§ **Exercise objective**:
For this task, retype the records below exactly.

§ **Information supplied**:
□ □ □ □ □
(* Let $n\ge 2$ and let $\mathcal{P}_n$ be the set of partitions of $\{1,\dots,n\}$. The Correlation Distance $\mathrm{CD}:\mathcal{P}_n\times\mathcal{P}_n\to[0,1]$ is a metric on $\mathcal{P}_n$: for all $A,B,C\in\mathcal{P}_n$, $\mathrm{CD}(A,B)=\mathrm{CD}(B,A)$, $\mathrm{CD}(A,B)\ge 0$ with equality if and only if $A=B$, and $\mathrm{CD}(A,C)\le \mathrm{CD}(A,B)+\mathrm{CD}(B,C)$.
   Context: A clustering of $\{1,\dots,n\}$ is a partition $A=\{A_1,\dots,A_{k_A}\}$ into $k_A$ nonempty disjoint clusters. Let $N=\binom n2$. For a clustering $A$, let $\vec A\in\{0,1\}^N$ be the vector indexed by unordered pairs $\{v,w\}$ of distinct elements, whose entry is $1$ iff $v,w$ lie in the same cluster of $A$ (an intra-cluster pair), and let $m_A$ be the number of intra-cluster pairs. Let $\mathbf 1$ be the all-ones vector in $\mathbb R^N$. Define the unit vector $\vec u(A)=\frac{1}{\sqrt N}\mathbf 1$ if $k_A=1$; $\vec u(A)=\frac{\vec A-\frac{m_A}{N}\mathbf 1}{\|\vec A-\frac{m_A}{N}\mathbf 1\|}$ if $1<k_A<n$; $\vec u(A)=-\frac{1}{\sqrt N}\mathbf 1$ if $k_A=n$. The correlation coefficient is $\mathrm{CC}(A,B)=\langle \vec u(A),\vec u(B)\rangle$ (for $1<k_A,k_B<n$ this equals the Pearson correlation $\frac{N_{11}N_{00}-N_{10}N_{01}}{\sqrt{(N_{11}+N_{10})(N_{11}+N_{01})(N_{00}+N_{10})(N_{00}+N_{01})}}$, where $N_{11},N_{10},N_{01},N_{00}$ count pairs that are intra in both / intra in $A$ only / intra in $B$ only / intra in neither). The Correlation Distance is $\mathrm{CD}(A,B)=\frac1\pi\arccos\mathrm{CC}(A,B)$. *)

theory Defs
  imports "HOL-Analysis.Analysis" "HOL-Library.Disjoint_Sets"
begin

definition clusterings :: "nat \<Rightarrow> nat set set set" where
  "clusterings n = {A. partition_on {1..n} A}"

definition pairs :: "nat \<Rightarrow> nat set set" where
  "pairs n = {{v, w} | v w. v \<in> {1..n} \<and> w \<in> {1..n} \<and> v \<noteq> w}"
□ □ □ □ □
§ **Result for this task**:
(* Let $n\ge 2$ and let $\mathcal{P}_n$ be the set of partitions of $\{1,\dots,n\}$. The Correlation Distance $\mathrm{CD}:\mathcal{P}_n\times\mathcal{P}_n\to[0,1]$ is a metric on $\mathcal{P}_n$: for all $A,B,C\in\mathcal{P}_n$, $\mathrm{CD}(A,B)=\mathrm{CD}(B,A)$, $\mathrm{CD}(A,B)\ge 0$ with equality if and only if $A=B$, and $\mathrm{CD}(A,C)\le \mathrm{CD}(A,B)+\mathrm{CD}(B,C)$.
   Context: A clustering of $\{1,\dots,n\}$ is a partition $A=\{A_1,\dots,A_{k_A}\}$ into $k_A$ nonempty disjoint clusters. Let $N=\binom n2$. For a clustering $A$, let $\vec A\in\{0,1\}^N$ be the vector indexed by unordered pairs $\{v,w\}$ of distinct elements, whose entry is $1$ iff $v,w$ lie in the same cluster of $A$ (an intra-cluster pair), and let $m_A$ be the number of intra-cluster pairs. Let $\mathbf 1$ be the all-ones vector in $\mathbb R^N$. Define the unit vector $\vec u(A)=\frac{1}{\sqrt N}\mathbf 1$ if $k_A=1$; $\vec u(A)=\frac{\vec A-\frac{m_A}{N}\mathbf 1}{\|\vec A-\frac{m_A}{N}\mathbf 1\|}$ if $1<k_A<n$; $\vec u(A)=-\frac{1}{\sqrt N}\mathbf 1$ if $k_A=n$. The correlation coefficient is $\mathrm{CC}(A,B)=\langle \vec u(A),\vec u(B)\rangle$ (for $1<k_A,k_B<n$ this equals the Pearson correlation $\frac{N_{11}N_{00}-N_{10}N_{01}}{\sqrt{(N_{11}+N_{10})(N_{11}+N_{01})(N_{00}+N_{10})(N_{00}+N_{01})}}$, where $N_{11},N_{10},N_{01},N_{00}$ count pairs that are intra in both / intra in $A$ only / intra in $B$ only / intra in neither). The Correlation Distance is $\mathrm{CD}(A,B)=\frac1\pi\arccos\mathrm{CC}(A,B)$. *)

theory Defs
  imports "HOL-Analysis.Analysis" "HOL-Library.Disjoint_Sets"
begin

definition clusterings :: "nat \<Rightarrow> nat set set set" where
  "clusterings n = {A. partition_on {1..n} A}"

definition pairs :: "nat \<Rightarrow> nat set set" where
  "pairs n = {{v, w} | v w. v \<in> {1..n} \<and> w \<in> {1..n} \<and> v \<noteq> w}"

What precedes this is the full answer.